## WORK ORDER
Write out all the data again, exactly as shown.

## INPUT
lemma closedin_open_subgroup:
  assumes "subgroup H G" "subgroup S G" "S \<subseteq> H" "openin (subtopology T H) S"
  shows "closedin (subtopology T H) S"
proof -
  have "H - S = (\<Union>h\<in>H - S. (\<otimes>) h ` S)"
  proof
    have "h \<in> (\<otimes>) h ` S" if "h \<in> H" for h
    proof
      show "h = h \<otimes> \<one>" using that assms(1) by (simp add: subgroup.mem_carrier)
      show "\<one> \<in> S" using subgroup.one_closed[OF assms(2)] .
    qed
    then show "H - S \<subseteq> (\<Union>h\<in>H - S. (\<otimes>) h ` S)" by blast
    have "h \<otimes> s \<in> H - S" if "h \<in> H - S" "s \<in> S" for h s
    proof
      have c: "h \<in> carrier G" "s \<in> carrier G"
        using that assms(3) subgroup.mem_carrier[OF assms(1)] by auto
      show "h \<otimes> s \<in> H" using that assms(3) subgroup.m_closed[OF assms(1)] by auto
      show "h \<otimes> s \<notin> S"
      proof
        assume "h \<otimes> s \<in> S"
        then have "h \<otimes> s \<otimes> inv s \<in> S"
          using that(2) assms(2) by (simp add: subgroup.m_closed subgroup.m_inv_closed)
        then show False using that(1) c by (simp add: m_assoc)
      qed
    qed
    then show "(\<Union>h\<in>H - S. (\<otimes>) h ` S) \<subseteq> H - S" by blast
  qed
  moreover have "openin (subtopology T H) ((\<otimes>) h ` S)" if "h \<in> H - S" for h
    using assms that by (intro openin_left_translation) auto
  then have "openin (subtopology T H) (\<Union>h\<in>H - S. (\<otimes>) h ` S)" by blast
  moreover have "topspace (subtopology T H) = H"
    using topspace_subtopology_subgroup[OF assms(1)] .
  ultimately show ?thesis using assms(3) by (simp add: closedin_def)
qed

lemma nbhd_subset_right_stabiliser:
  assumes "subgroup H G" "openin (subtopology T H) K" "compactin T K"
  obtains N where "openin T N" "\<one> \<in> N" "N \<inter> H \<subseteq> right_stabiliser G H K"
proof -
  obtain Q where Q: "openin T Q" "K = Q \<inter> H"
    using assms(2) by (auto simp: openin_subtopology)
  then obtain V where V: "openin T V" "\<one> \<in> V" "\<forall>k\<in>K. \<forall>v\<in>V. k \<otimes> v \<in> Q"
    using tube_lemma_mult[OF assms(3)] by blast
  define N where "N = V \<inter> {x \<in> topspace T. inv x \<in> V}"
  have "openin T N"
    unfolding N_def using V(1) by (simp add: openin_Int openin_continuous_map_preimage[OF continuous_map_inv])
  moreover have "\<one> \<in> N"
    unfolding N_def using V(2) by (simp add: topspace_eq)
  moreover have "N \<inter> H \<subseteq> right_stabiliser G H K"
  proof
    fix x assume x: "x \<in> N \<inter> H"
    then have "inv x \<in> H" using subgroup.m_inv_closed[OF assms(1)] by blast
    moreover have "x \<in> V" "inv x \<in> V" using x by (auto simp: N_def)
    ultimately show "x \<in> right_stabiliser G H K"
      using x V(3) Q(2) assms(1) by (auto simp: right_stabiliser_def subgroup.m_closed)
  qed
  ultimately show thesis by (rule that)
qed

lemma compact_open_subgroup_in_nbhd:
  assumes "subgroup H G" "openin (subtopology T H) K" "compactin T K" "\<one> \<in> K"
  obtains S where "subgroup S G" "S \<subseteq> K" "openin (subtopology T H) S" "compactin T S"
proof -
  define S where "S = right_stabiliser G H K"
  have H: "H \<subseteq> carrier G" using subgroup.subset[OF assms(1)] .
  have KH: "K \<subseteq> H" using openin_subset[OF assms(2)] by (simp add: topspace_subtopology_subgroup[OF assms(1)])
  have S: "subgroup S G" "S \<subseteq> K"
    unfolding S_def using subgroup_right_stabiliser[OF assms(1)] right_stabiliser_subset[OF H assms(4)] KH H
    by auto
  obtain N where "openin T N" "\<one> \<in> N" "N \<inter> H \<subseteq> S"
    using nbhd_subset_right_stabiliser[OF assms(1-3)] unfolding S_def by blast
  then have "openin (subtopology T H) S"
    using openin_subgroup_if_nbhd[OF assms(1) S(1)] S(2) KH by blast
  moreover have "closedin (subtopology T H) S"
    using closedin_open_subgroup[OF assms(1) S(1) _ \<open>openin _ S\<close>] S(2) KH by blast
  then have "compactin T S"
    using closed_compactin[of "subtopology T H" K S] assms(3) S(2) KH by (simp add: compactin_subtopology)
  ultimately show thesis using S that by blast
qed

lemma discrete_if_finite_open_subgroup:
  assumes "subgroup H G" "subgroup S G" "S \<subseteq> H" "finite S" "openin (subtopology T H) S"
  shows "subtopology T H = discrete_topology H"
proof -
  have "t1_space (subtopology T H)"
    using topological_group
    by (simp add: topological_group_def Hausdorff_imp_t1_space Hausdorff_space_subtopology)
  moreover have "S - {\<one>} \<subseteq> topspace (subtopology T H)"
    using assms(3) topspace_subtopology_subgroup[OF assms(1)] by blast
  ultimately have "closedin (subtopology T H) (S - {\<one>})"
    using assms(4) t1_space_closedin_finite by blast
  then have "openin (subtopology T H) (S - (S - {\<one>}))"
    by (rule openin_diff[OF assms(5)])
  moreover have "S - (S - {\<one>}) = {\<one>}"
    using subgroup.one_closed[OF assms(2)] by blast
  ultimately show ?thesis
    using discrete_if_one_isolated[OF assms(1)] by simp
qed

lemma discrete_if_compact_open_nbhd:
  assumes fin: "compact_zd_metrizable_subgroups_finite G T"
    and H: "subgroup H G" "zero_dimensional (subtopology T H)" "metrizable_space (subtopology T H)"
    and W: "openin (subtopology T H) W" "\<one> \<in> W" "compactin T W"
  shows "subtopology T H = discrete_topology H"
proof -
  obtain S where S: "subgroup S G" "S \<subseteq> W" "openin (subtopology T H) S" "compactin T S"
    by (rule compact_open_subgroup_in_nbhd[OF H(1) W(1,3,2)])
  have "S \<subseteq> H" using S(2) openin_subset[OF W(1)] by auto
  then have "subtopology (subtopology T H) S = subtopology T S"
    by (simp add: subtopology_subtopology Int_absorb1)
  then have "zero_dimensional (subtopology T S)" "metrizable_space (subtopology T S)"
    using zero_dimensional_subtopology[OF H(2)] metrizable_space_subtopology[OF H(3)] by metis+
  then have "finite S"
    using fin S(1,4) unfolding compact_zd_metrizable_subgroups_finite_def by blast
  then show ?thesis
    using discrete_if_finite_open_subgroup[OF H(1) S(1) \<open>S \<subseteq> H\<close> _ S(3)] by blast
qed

## ANSWER TO THIS EXERCISE
lemma closedin_open_subgroup:
  assumes "subgroup H G" "subgroup S G" "S \<subseteq> H" "openin (subtopology T H) S"
  shows "closedin (subtopology T H) S"
proof -
  have "H - S = (\<Union>h\<in>H - S. (\<otimes>) h ` S)"
  proof
    have "h \<in> (\<otimes>) h ` S" if "h \<in> H" for h
    proof
      show "h = h \<otimes> \<one>" using that assms(1) by (simp add: subgroup.mem_carrier)
      show "\<one> \<in> S" using subgroup.one_closed[OF assms(2)] .
    qed
    then show "H - S \<subseteq> (\<Union>h\<in>H - S. (\<otimes>) h ` S)" by blast
    have "h \<otimes> s \<in> H - S" if "h \<in> H - S" "s \<in> S" for h s
    proof
      have c: "h \<in> carrier G" "s \<in> carrier G"
        using that assms(3) subgroup.mem_carrier[OF assms(1)] by auto
      show "h \<otimes> s \<in> H" using that assms(3) subgroup.m_closed[OF assms(1)] by auto
      show "h \<otimes> s \<notin> S"
      proof
        assume "h \<otimes> s \<in> S"
        then have "h \<otimes> s \<otimes> inv s \<in> S"
          using that(2) assms(2) by (simp add: subgroup.m_closed subgroup.m_inv_closed)
        then show False using that(1) c by (simp add: m_assoc)
      qed
    qed
    then show "(\<Union>h\<in>H - S. (\<otimes>) h ` S) \<subseteq> H - S" by blast
  qed
  moreover have "openin (subtopology T H) ((\<otimes>) h ` S)" if "h \<in> H - S" for h
    using assms that by (intro openin_left_translation) auto
  then have "openin (subtopology T H) (\<Union>h\<in>H - S. (\<otimes>) h ` S)" by blast
  moreover have "topspace (subtopology T H) = H"
    using topspace_subtopology_subgroup[OF assms(1)] .
  ultimately show ?thesis using assms(3) by (simp add: closedin_def)
qed

lemma nbhd_subset_right_stabiliser:
  assumes "subgroup H G" "openin (subtopology T H) K" "compactin T K"
  obtains N where "openin T N" "\<one> \<in> N" "N \<inter> H \<subseteq> right_stabiliser G H K"
proof -
  obtain Q where Q: "openin T Q" "K = Q \<inter> H"
    using assms(2) by (auto simp: openin_subtopology)
  then obtain V where V: "openin T V" "\<one> \<in> V" "\<forall>k\<in>K. \<forall>v\<in>V. k \<otimes> v \<in> Q"
    using tube_lemma_mult[OF assms(3)] by blast
  define N where "N = V \<inter> {x \<in> topspace T. inv x \<in> V}"
  have "openin T N"
    unfolding N_def using V(1) by (simp add: openin_Int openin_continuous_map_preimage[OF continuous_map_inv])
  moreover have "\<one> \<in> N"
    unfolding N_def using V(2) by (simp add: topspace_eq)
  moreover have "N \<inter> H \<subseteq> right_stabiliser G H K"
  proof
    fix x assume x: "x \<in> N \<inter> H"
    then have "inv x \<in> H" using subgroup.m_inv_closed[OF assms(1)] by blast
    moreover have "x \<in> V" "inv x \<in> V" using x by (auto simp: N_def)
    ultimately show "x \<in> right_stabiliser G H K"
      using x V(3) Q(2) assms(1) by (auto simp: right_stabiliser_def subgroup.m_closed)
  qed
  ultimately show thesis by (rule that)
qed

lemma compact_open_subgroup_in_nbhd:
  assumes "subgroup H G" "openin (subtopology T H) K" "compactin T K" "\<one> \<in> K"
  obtains S where "subgroup S G" "S \<subseteq> K" "openin (subtopology T H) S" "compactin T S"
proof -
  define S where "S = right_stabiliser G H K"
  have H: "H \<subseteq> carrier G" using subgroup.subset[OF assms(1)] .
  have KH: "K \<subseteq> H" using openin_subset[OF assms(2)] by (simp add: topspace_subtopology_subgroup[OF assms(1)])
  have S: "subgroup S G" "S \<subseteq> K"
    unfolding S_def using subgroup_right_stabiliser[OF assms(1)] right_stabiliser_subset[OF H assms(4)] KH H
    by auto
  obtain N where "openin T N" "\<one> \<in> N" "N \<inter> H \<subseteq> S"
    using nbhd_subset_right_stabiliser[OF assms(1-3)] unfolding S_def by blast
  then have "openin (subtopology T H) S"
    using openin_subgroup_if_nbhd[OF assms(1) S(1)] S(2) KH by blast
  moreover have "closedin (subtopology T H) S"
    using closedin_open_subgroup[OF assms(1) S(1) _ \<open>openin _ S\<close>] S(2) KH by blast
  then have "compactin T S"
    using closed_compactin[of "subtopology T H" K S] assms(3) S(2) KH by (simp add: compactin_subtopology)
  ultimately show thesis using S that by blast
qed

lemma discrete_if_finite_open_subgroup:
  assumes "subgroup H G" "subgroup S G" "S \<subseteq> H" "finite S" "openin (subtopology T H) S"
  shows "subtopology T H = discrete_topology H"
proof -
  have "t1_space (subtopology T H)"
    using topological_group
    by (simp add: topological_group_def Hausdorff_imp_t1_space Hausdorff_space_subtopology)
  moreover have "S - {\<one>} \<subseteq> topspace (subtopology T H)"
    using assms(3) topspace_subtopology_subgroup[OF assms(1)] by blast
  ultimately have "closedin (subtopology T H) (S - {\<one>})"
    using assms(4) t1_space_closedin_finite by blast
  then have "openin (subtopology T H) (S - (S - {\<one>}))"
    by (rule openin_diff[OF assms(5)])
  moreover have "S - (S - {\<one>}) = {\<one>}"
    using subgroup.one_closed[OF assms(2)] by blast
  ultimately show ?thesis
    using discrete_if_one_isolated[OF assms(1)] by simp
qed

lemma discrete_if_compact_open_nbhd:
  assumes fin: "compact_zd_metrizable_subgroups_finite G T"
    and H: "subgroup H G" "zero_dimensional (subtopology T H)" "metrizable_space (subtopology T H)"
    and W: "openin (subtopology T H) W" "\<one> \<in> W" "compactin T W"
  shows "subtopology T H = discrete_topology H"
proof -
  obtain S where S: "subgroup S G" "S \<subseteq> W" "openin (subtopology T H) S" "compactin T S"
    by (rule compact_open_subgroup_in_nbhd[OF H(1) W(1,3,2)])
  have "S \<subseteq> H" using S(2) openin_subset[OF W(1)] by auto
  then have "subtopology (subtopology T H) S = subtopology T S"
    by (simp add: subtopology_subtopology Int_absorb1)
  then have "zero_dimensional (subtopology T S)" "metrizable_space (subtopology T S)"
    using zero_dimensional_subtopology[OF H(2)] metrizable_space_subtopology[OF H(3)] by metis+
  then have "finite S"
    using fin S(1,4) unfolding compact_zd_metrizable_subgroups_finite_def by blast
  then show ?thesis
    using discrete_if_finite_open_subgroup[OF H(1) S(1) \<open>S \<subseteq> H\<close> _ S(3)] by blast
qed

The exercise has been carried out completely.